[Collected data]
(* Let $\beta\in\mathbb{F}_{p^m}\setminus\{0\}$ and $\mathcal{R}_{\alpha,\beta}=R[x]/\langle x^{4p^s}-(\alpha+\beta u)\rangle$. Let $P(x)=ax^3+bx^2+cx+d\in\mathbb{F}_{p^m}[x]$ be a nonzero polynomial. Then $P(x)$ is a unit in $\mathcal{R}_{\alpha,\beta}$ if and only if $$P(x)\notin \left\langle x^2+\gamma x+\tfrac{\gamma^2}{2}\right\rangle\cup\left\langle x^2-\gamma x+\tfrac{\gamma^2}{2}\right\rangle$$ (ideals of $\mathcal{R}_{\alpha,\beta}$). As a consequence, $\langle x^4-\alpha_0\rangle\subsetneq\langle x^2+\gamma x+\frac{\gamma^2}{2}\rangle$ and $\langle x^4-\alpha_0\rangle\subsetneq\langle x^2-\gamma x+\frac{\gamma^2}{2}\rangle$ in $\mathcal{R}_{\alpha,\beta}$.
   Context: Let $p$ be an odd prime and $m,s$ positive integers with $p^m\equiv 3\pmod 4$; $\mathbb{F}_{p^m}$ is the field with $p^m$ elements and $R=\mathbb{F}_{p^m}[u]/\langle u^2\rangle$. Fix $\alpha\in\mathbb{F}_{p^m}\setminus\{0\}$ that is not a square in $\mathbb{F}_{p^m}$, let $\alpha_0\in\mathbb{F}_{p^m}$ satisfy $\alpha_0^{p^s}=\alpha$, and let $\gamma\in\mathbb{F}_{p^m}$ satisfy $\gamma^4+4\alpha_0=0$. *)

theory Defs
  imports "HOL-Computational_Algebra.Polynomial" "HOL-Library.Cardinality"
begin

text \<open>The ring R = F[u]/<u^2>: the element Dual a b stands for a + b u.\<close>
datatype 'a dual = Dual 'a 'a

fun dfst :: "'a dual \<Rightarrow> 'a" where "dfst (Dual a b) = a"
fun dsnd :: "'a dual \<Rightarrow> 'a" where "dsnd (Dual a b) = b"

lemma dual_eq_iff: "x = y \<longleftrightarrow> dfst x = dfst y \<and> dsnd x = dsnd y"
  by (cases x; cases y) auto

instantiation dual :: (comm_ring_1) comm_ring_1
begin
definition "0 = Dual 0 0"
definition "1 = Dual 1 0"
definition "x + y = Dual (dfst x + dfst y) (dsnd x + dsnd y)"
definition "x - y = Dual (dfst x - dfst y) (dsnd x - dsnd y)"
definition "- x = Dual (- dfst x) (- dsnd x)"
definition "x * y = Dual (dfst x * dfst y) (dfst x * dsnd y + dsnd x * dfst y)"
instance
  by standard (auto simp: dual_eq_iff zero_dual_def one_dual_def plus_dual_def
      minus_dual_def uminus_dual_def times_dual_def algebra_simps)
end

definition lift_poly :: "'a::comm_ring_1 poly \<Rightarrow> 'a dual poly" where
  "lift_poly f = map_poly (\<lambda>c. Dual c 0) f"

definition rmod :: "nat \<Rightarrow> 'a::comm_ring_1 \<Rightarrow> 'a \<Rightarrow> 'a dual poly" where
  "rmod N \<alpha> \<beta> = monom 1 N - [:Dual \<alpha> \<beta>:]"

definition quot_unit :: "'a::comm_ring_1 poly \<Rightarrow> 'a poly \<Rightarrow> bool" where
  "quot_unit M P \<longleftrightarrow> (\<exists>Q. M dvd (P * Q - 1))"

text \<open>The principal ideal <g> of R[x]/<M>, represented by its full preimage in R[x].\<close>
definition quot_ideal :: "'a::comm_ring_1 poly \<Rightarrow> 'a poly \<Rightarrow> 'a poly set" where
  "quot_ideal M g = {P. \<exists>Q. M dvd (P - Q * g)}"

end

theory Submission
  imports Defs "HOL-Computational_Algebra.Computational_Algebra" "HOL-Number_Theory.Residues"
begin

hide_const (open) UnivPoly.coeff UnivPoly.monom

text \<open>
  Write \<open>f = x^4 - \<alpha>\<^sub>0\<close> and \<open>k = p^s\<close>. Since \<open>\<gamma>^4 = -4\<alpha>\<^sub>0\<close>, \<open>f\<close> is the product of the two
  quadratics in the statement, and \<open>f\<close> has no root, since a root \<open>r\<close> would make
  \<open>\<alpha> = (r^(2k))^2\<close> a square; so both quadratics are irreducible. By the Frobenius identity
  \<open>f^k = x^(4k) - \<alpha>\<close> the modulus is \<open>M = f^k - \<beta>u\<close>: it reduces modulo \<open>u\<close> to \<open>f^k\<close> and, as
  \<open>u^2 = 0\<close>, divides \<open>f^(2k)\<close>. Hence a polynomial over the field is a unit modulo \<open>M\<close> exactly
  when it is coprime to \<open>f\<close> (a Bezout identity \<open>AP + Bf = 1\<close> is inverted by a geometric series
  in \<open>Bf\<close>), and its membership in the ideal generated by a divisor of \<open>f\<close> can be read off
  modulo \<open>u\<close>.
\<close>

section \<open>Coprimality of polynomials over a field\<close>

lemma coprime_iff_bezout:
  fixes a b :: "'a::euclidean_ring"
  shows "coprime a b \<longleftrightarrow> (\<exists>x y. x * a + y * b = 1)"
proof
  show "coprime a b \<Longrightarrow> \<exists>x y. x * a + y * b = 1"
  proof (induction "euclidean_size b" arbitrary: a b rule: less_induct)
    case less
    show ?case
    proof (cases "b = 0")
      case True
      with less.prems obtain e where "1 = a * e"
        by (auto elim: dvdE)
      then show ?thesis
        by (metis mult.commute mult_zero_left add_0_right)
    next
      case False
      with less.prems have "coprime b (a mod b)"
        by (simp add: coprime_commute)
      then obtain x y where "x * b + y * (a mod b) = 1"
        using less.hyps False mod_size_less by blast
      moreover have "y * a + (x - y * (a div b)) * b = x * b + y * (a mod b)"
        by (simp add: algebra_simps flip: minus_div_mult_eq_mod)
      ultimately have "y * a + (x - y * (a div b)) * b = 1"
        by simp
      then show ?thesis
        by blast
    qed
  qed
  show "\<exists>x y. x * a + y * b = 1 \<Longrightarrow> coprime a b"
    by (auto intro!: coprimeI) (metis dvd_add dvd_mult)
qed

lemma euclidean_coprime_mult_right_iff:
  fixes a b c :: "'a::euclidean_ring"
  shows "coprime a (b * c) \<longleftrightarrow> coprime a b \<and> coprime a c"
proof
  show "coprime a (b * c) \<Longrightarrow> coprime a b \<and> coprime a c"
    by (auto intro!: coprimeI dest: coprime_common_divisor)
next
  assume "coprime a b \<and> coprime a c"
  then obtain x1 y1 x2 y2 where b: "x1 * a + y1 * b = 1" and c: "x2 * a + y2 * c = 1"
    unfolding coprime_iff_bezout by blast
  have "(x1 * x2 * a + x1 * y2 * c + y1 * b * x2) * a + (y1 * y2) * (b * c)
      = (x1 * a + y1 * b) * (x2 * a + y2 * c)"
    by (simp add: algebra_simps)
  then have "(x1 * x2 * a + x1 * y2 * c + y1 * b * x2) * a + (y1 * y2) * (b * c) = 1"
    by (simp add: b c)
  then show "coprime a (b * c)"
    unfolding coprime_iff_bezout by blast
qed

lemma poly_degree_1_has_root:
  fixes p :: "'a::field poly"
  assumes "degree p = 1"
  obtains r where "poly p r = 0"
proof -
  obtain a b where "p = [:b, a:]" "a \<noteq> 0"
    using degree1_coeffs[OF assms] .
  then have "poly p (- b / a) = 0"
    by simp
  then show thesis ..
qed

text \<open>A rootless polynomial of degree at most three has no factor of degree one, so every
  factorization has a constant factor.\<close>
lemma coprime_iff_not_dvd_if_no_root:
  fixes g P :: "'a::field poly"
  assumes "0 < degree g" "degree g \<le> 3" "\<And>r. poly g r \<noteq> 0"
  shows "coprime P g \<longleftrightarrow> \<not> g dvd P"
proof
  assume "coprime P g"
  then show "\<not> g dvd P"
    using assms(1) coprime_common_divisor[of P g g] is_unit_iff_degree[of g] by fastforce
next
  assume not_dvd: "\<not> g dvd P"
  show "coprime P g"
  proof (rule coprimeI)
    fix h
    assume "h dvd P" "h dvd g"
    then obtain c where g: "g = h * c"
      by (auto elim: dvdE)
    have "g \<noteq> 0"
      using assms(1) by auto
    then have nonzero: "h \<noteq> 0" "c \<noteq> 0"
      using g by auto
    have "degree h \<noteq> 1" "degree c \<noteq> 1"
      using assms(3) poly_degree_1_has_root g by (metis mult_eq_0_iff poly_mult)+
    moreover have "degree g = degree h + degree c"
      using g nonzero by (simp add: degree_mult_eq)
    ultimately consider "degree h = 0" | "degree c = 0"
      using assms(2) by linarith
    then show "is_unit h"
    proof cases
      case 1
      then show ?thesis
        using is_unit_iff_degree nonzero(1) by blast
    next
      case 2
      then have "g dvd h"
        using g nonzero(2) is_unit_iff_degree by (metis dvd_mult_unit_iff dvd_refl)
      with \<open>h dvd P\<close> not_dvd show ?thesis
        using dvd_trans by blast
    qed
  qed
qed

=== What to do ===
Using the data above, repeat exactly the lines that begin at the line with "section \<open>Coprimality of" and end at the line with "fixes a b c", both ends included.

=== Exercise solution ===
section \<open>Coprimality of polynomials over a field\<close>

lemma coprime_iff_bezout:
  fixes a b :: "'a::euclidean_ring"
  shows "coprime a b \<longleftrightarrow> (\<exists>x y. x * a + y * b = 1)"
proof
  show "coprime a b \<Longrightarrow> \<exists>x y. x * a + y * b = 1"
  proof (induction "euclidean_size b" arbitrary: a b rule: less_induct)
    case less
    show ?case
    proof (cases "b = 0")
      case True
      with less.prems obtain e where "1 = a * e"
        by (auto elim: dvdE)
      then show ?thesis
        by (metis mult.commute mult_zero_left add_0_right)
    next
      case False
      with less.prems have "coprime b (a mod b)"
        by (simp add: coprime_commute)
      then obtain x y where "x * b + y * (a mod b) = 1"
        using less.hyps False mod_size_less by blast
      moreover have "y * a + (x - y * (a div b)) * b = x * b + y * (a mod b)"
        by (simp add: algebra_simps flip: minus_div_mult_eq_mod)
      ultimately have "y * a + (x - y * (a div b)) * b = 1"
        by simp
      then show ?thesis
        by blast
    qed
  qed
  show "\<exists>x y. x * a + y * b = 1 \<Longrightarrow> coprime a b"
    by (auto intro!: coprimeI) (metis dvd_add dvd_mult)
qed

lemma euclidean_coprime_mult_right_iff:
  fixes a b c :: "'a::euclidean_ring"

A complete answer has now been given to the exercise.